WHAT NEEDS TO BE DONE — Find each line of the entries with the string "this", please, and copy it.

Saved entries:

============================================================

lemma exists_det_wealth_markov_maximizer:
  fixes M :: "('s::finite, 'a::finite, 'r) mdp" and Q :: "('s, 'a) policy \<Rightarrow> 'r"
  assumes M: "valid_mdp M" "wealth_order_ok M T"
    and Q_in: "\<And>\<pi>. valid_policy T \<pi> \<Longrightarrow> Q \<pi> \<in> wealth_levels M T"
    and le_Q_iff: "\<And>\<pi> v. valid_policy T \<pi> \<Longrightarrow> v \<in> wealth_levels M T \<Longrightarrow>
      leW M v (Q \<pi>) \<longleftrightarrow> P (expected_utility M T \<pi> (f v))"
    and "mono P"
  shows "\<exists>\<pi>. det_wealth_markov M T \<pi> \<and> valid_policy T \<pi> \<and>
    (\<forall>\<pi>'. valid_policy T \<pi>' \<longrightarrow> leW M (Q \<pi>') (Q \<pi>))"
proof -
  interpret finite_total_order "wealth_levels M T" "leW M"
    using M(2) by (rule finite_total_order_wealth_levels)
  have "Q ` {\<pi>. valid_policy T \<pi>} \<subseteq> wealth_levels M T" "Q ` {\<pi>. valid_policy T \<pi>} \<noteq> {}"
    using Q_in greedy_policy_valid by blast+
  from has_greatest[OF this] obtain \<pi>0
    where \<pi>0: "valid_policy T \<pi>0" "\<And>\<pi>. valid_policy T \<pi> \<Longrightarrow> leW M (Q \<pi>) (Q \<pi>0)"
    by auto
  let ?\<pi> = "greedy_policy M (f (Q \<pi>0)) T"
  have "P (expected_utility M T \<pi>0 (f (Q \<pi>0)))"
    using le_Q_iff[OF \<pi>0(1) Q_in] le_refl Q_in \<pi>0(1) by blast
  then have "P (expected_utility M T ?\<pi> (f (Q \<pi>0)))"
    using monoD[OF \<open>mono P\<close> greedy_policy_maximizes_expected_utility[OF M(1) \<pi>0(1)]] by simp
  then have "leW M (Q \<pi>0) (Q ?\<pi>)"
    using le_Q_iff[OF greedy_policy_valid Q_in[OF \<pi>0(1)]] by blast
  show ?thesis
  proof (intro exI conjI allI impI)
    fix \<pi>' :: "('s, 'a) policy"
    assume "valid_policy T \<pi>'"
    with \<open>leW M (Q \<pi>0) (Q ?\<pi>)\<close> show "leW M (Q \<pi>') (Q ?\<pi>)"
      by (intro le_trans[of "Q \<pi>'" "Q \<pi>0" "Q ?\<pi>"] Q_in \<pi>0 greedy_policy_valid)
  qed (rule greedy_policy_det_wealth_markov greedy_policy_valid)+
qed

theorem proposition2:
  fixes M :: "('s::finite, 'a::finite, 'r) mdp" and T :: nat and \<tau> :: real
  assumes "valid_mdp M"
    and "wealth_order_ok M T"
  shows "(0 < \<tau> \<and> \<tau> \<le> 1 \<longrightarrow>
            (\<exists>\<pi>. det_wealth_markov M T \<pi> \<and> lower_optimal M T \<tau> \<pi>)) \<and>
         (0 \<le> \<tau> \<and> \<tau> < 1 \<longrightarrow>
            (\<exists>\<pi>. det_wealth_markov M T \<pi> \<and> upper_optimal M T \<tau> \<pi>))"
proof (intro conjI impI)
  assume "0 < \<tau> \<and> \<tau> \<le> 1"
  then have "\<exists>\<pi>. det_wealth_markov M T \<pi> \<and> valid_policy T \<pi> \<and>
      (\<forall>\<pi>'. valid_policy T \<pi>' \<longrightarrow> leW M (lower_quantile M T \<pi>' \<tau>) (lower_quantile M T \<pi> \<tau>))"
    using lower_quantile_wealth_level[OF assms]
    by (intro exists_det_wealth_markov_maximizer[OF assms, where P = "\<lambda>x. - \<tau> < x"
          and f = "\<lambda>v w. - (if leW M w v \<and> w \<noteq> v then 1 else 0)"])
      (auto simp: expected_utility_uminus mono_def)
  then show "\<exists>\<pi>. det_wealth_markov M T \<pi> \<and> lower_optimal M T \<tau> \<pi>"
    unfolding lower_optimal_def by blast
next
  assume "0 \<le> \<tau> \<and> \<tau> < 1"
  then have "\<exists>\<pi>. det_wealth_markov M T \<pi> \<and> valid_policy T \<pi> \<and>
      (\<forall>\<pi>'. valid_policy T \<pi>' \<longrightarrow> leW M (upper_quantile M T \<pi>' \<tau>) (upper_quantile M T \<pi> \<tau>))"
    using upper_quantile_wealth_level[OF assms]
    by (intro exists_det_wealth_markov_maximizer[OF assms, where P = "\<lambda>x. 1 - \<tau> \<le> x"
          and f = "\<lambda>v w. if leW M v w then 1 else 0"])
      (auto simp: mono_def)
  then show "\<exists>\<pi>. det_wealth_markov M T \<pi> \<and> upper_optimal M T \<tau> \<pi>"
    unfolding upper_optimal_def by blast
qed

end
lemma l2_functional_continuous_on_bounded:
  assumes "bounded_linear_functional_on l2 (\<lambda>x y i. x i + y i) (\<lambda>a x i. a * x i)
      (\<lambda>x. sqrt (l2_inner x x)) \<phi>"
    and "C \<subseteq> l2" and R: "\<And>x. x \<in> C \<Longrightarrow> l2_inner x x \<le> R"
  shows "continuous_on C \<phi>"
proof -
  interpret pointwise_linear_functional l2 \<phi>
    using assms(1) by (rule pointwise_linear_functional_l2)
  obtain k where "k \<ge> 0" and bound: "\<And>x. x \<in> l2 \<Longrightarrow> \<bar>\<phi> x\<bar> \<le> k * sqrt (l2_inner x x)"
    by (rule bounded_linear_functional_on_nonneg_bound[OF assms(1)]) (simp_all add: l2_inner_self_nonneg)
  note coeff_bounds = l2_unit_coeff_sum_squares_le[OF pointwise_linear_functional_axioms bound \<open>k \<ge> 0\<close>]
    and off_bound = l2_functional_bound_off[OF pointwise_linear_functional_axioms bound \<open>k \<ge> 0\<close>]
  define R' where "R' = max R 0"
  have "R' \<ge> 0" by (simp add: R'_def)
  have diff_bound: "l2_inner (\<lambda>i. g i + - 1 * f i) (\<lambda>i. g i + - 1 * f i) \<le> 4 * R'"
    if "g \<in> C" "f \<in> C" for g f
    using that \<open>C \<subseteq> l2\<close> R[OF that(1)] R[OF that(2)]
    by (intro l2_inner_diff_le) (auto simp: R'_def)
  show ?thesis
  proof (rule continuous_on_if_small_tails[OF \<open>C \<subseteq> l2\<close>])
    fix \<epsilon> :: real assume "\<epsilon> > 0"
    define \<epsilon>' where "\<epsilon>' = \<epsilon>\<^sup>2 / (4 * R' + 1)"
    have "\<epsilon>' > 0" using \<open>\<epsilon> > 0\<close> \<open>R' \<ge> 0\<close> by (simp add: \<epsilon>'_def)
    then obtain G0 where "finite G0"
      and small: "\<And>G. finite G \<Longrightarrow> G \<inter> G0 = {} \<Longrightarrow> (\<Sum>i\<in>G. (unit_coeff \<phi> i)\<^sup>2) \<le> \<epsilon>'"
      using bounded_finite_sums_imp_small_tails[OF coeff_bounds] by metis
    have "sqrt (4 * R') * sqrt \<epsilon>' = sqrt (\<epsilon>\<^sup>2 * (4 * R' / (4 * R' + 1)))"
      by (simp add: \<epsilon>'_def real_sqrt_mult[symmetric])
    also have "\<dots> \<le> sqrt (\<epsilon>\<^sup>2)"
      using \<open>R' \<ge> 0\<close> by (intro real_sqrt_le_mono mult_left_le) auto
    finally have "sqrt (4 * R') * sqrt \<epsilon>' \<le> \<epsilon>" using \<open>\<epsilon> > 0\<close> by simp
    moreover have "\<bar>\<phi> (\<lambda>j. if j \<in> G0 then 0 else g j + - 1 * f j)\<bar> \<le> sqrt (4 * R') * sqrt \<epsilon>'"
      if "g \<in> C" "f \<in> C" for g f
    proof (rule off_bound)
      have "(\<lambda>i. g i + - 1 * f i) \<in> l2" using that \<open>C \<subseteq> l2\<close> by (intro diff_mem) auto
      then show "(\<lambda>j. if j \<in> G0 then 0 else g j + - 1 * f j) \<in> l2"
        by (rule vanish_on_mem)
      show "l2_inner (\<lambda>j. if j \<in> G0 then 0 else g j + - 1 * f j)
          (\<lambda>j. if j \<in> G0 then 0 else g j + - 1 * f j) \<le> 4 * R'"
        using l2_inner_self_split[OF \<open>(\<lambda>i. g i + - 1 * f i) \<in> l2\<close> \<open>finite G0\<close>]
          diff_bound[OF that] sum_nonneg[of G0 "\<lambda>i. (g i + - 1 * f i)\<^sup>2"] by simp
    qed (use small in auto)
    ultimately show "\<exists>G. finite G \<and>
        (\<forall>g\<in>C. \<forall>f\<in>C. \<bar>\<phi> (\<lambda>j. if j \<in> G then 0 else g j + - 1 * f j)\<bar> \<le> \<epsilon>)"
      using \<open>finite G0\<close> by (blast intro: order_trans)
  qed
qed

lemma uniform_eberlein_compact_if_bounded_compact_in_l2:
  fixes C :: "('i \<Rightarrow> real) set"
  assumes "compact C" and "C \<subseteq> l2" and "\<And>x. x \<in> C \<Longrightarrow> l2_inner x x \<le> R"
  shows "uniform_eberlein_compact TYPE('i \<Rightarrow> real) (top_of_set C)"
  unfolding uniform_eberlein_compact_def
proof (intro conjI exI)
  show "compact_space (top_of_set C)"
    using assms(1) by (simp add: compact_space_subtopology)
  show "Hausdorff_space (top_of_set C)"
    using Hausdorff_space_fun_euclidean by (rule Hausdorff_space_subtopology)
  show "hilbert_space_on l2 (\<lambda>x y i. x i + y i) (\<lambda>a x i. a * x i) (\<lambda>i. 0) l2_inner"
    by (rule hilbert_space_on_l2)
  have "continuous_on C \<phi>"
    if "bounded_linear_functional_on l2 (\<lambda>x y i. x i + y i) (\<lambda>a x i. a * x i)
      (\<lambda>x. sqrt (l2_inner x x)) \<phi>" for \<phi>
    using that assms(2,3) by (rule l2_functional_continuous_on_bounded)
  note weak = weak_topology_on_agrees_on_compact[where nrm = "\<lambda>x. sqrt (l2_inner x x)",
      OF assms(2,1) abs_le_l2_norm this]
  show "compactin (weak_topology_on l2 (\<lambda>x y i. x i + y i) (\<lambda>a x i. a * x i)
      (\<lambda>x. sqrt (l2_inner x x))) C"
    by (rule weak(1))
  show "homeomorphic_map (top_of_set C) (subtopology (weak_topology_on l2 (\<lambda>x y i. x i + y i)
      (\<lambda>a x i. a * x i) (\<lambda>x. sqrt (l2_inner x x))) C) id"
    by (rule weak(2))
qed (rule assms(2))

============================================================

TASK RESULT —
  from has_greatest[OF this] obtain \<pi>0
      OF assms(2,1) abs_le_l2_norm this]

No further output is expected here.